Which lines to output? The line containing "N \<sigma> = vec" and every line after it in the data below, each copied exactly.

[Supplied data]

lemma prefix_sum_restrict: "prefix_sum k (restrict s {..<k}) = prefix_sum k s"
  unfolding prefix_sum_def by (rule sum.cong) simp_all

lemma T_subset_pieces: "T \<subseteq> (\<Union>w\<in>words k. (\<lambda>t. prefix_sum k w + (f ^^ k) t) ` T)"
proof
  fix x assume "x \<in> T"
  then obtain s where s: "\<And>j. s j \<in> D" and x: "x = point s" unfolding T_eq_image by auto
  define w where "w = restrict s {..<k}"
  define t where "t = point (\<lambda>j. s (j + k))"
  have w: "w \<in> words k" unfolding w_def words_def using s by simp
  have t: "t \<in> T" unfolding t_def T_eq_image using s by (intro image_eqI[where x = "\<lambda>j. s (j + k)"]) simp_all
  have "x = prefix_sum k s + (f ^^ k) t" unfolding x t_def by (rule point_split[OF s])
  also have "prefix_sum k s = prefix_sum k w" unfolding w_def by (rule prefix_sum_restrict[symmetric])
  finally have "x \<in> (\<lambda>t. prefix_sum k w + (f ^^ k) t) ` T" using t by (rule image_eqI)
  with w show "x \<in> (\<Union>w\<in>words k. (\<lambda>t. prefix_sum k w + (f ^^ k) t) ` T)" by blast
qed

definition cover_scale :: real where "cover_scale = 2 * radius + 1"

lemma cover_scale_pos: "0 < cover_scale"
  unfolding cover_scale_def using radius_nonneg by simp

lemma is_cover_pieces:
  assumes "S \<subseteq> T"
  shows "is_cover (cover_scale * c ^ k) S ((\<lambda>w. (\<lambda>t. prefix_sum k w + (f ^^ k) t) ` T) ` words k)"
  unfolding is_cover_def
proof (intro conjI ballI)
  show "finite ((\<lambda>w. (\<lambda>t. prefix_sum k w + (f ^^ k) t) ` T) ` words k)"
    unfolding words_def using finite_digits by (intro finite_imageI finite_PiE) auto
  show "S \<subseteq> \<Union> ((\<lambda>w. (\<lambda>t. prefix_sum k w + (f ^^ k) t) ` T) ` words k)"
    using assms T_subset_pieces by blast
  fix X assume "X \<in> (\<lambda>w. (\<lambda>t. prefix_sum k w + (f ^^ k) t) ` T) ` words k"
  then obtain w where X: "X = (\<lambda>t. prefix_sum k w + (f ^^ k) t) ` T" by blast
  show "diameter X \<le> cover_scale * c ^ k"
  proof (rule diameter_le)
    show "X \<noteq> {} \<or> 0 \<le> cover_scale * c ^ k" using cover_scale_pos ratio_pos by simp
    fix x y assume "x \<in> X" "y \<in> X"
    then obtain t t' where "t \<in> T" "t' \<in> T" "x = prefix_sum k w + (f ^^ k) t" "y = prefix_sum k w + (f ^^ k) t'"
      using X by blast
    then have "norm (x - y) = c ^ k * norm (t - t')" by (simp add: norm_funpow_f funpow_f_diff[symmetric])
    also have "\<dots> \<le> c ^ k * (2 * radius)"
    proof -
      have "norm (t - t') \<le> 2 * radius"
        using norm_triangle_ineq4[of t t'] norm_le_radius[OF \<open>t \<in> T\<close>] norm_le_radius[OF \<open>t' \<in> T\<close>]
        by linarith
      then show ?thesis using ratio_pos by simp
    qed
    also have "\<dots> \<le> cover_scale * c ^ k" unfolding cover_scale_def using ratio_pos by simp
    finally show "norm (x - y) \<le> cover_scale * c ^ k" .
  qed
qed

lemma cover_number_le_card_digits_power:
  assumes "S \<subseteq> T"
  shows "cover_number (cover_scale * c ^ k) S \<le> card D ^ k"
proof -
  have "card ((\<lambda>w. (\<lambda>t. prefix_sum k w + (f ^^ k) t) ` T) ` words k) \<le> card (words k)"
    unfolding words_def using finite_digits by (intro card_image_le finite_PiE) auto
  then show ?thesis
    using cover_number_le_card[OF is_cover_pieces[OF assms, of k]] by (simp add: words_def card_PiE)
qed
(* Let $F$ be a distribution function on $(0,1)$ with density $1+f$, where $f$ is 1-periodic, $f\in\mathbb{L}_2(0,1)$, $f(x)=\sum_{j=-\infty}^{\infty}\theta_j e^{2\pi ijx}$ with $\theta_0=0$. For an integer $m_n\ge1$ let $p_l=F(l/m_n)-F((l-1)/m_n)$, $1\le l\le m_n$, and $T_n(F)=nm_n\sum_{l=1}^{m_n}(p_l-1/m_n)^2$. Then $$n^{-1}m_n^{-1}T_n(F)=m_n\sum_{k=-\infty}^{\infty}\ \sum_{j\ne km_n}\frac{\theta_j\bar\theta_{j-km_n}}{4\pi^2j(j-km_n)}\big(2-2\cos(2\pi j/m_n)\big),$$ with the convention $0/0=0$.
   Context: $\bar z$ denotes the complex conjugate of $z$; the Fourier coefficients satisfy $\theta_{-j}=\bar\theta_j$. *)

theory Defs
  imports "HOL-Analysis.Analysis"
begin

definition fourier_coeff :: "(real \<Rightarrow> real) \<Rightarrow> int \<Rightarrow> complex" where
  "fourier_coeff f j =
     (LINT x:{0..1}|lborel. complex_of_real (f x) * exp (- (2 * pi * of_int j * x) * \<i>))"

definition cell_prob :: "(real \<Rightarrow> real) \<Rightarrow> nat \<Rightarrow> nat \<Rightarrow> real" where
  "cell_prob F m l = F (real l / real m) - F ((real l - 1) / real m)"

definition T_stat :: "nat \<Rightarrow> nat \<Rightarrow> (real \<Rightarrow> real) \<Rightarrow> real" where
  "T_stat n m F = real n * real m * (\<Sum>l=1..m. (cell_prob F m l - 1 / real m)\<^sup>2)"

end

theory Submission
  imports Defs
begin

text \<open>Write \<open>G(x) = \<integral>\<^sub>0\<^sup>x f\<close> and \<open>e\<^sub>j(x) = exp(2\<pi>ijx)\<close>. Since \<open>F(x) = x + G(x)\<close>, the centred cell
  probabilities are the increments \<open>p\<^sub>l - 1/m = G(l/m) - G((l-1)/m)\<close>. By Fubini, the Fourier
  coefficients of \<open>G\<close> of nonzero order are \<open>a\<^sub>j = \<theta>\<^sub>j / (2\<pi>ij)\<close>, and Bessel's inequality makes \<open>(a\<^sub>j)\<close>
  absolutely summable. A continuous \<open>h\<close> with \<open>h(0) = h(1)\<close> whose Fourier coefficients all vanish is
  zero, because it is a uniform limit of trigonometric polynomials (Stone-Weierstrass on the circle);
  since \<open>\<theta>\<^sub>0 = 0\<close> gives \<open>G(0) = G(1) = 0\<close>, it follows that \<open>G = \<Sum>\<^sub>j a\<^sub>j (e\<^sub>j - 1)\<close> on \<open>[0,1]\<close>.
  Squaring the increments and summing over the \<open>m\<close> cells, the geometric sums
  \<open>\<Sum>\<^sub>l e\<^sub>j\<^sub>-\<^sub>j\<^sub>'((l-1)/m)\<close> vanish unless \<open>m\<close> divides \<open>j - j'\<close>; writing \<open>j' = j - km\<close> gives the
  double series.\<close>

section \<open>Complex exponentials\<close>

definition fourier_exp :: "int \<Rightarrow> real \<Rightarrow> complex" where
  "fourier_exp j x = exp (complex_of_real (2 * pi * real_of_int j * x) * \<i>)"

lemma fourier_exp_mult: "fourier_exp j x * fourier_exp k x = fourier_exp (j + k) x"
  unfolding fourier_exp_def by (simp add: exp_add[symmetric] algebra_simps)

lemma cnj_fourier_exp: "cnj (fourier_exp j x) = fourier_exp (- j) x"
  unfolding fourier_exp_def by (simp add: exp_cnj)

lemma fourier_exp_diff: "fourier_exp (j - k) x = fourier_exp j x * cnj (fourier_exp k x)"
  using fourier_exp_mult[of j x "- k"] by (simp add: cnj_fourier_exp)
lemma leontief_inverse_weighted_sum:
  assumes A: "strictly_substochastic N A"
    and \<sigma>: "\<forall>j<N. \<sigma> j - (\<Sum>i<N. \<sigma> i * A i j) = a j"
  shows "vec N a \<bullet> (the (mat_inverse (leontief_matrix N A)) *\<^sub>v vec N u) = (\<Sum>k<N. \<sigma> k * u k)"
proof -
  obtain S where S: "mat_inverse (leontief_matrix N A) = Some S"
    using leontief_matrix_invertible[OF A] .
  have MS: "leontief_matrix N A * S = 1\<^sub>m N" and S_carrier: "S \<in> carrier_mat N N"
    using mat_inverse(2)[OF leontief_matrix_carrier S] by blast+
  have "transpose_mat (leontief_matrix N A) *\<^sub>v vec N \<sigma> = vec N a"
  proof (rule eq_vecI)
    show "dim_vec (transpose_mat (leontief_matrix N A) *\<^sub>v vec N \<sigma>) = dim_vec (vec N a)"
      by simp
    fix j assume "j < dim_vec (vec N a)"
    then show "(transpose_mat (leontief_matrix N A) *\<^sub>v vec N \<sigma>) $ j = vec N a $ j"
      using transpose_leontief_matrix_mult_vec[of "vec N \<sigma>" N j A] \<sigma> by simp
  qed
  then have "vec N a \<bullet> (S *\<^sub>v vec N u) = vec N \<sigma> \<bullet> (leontief_matrix N A *\<^sub>v (S *\<^sub>v vec N u))"
    using S_carrier by (simp add: transpose_vec_mult_scalar[OF leontief_matrix_carrier, symmetric])
  also have "leontief_matrix N A *\<^sub>v (S *\<^sub>v vec N u) = (leontief_matrix N A * S) *\<^sub>v vec N u"
    by (rule assoc_mult_mat_vec[OF leontief_matrix_carrier S_carrier, symmetric]) simp
  also have "\<dots> = vec N u"
    by (simp add: MS)
  finally show ?thesis
    using S by (simp add: scalar_prod_def atLeast0LessThan)
qed

lemma welfare_eq_weighted_utility:
  assumes "strictly_substochastic N (\<lambda>i j. a (Suc i) (Suc j))"
    and "\<forall>j<N. \<sigma> j - (\<Sum>i<N. \<sigma> i * a (Suc i) (Suc j)) = a0 (Suc j)"
  shows "welfare N a0 a lam = (\<Sum>k<N. \<sigma> k * uvec {1..N} a lam (Suc k))"
  using leontief_inverse_weighted_sum[OF assms]
  unfolding welfare_def Let_def leontief_matrix_def by simp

[/Supplied data]

_Answer to this task_
  have "transpose_mat (leontief_matrix N A) *\<^sub>v vec N \<sigma> = vec N a"
  proof (rule eq_vecI)
    show "dim_vec (transpose_mat (leontief_matrix N A) *\<^sub>v vec N \<sigma>) = dim_vec (vec N a)"
      by simp
    fix j assume "j < dim_vec (vec N a)"
    then show "(transpose_mat (leontief_matrix N A) *\<^sub>v vec N \<sigma>) $ j = vec N a $ j"
      using transpose_leontief_matrix_mult_vec[of "vec N \<sigma>" N j A] \<sigma> by simp
  qed
  then have "vec N a \<bullet> (S *\<^sub>v vec N u) = vec N \<sigma> \<bullet> (leontief_matrix N A *\<^sub>v (S *\<^sub>v vec N u))"
    using S_carrier by (simp add: transpose_vec_mult_scalar[OF leontief_matrix_carrier, symmetric])
  also have "leontief_matrix N A *\<^sub>v (S *\<^sub>v vec N u) = (leontief_matrix N A * S) *\<^sub>v vec N u"
    by (rule assoc_mult_mat_vec[OF leontief_matrix_carrier S_carrier, symmetric]) simp
  also have "\<dots> = vec N u"
    by (simp add: MS)
  finally show ?thesis
    using S by (simp add: scalar_prod_def atLeast0LessThan)
qed

lemma welfare_eq_weighted_utility:
  assumes "strictly_substochastic N (\<lambda>i j. a (Suc i) (Suc j))"
    and "\<forall>j<N. \<sigma> j - (\<Sum>i<N. \<sigma> i * a (Suc i) (Suc j)) = a0 (Suc j)"
  shows "welfare N a0 a lam = (\<Sum>k<N. \<sigma> k * uvec {1..N} a lam (Suc k))"
  using leontief_inverse_weighted_sum[OF assms]
  unfolding welfare_def Let_def leontief_matrix_def by simp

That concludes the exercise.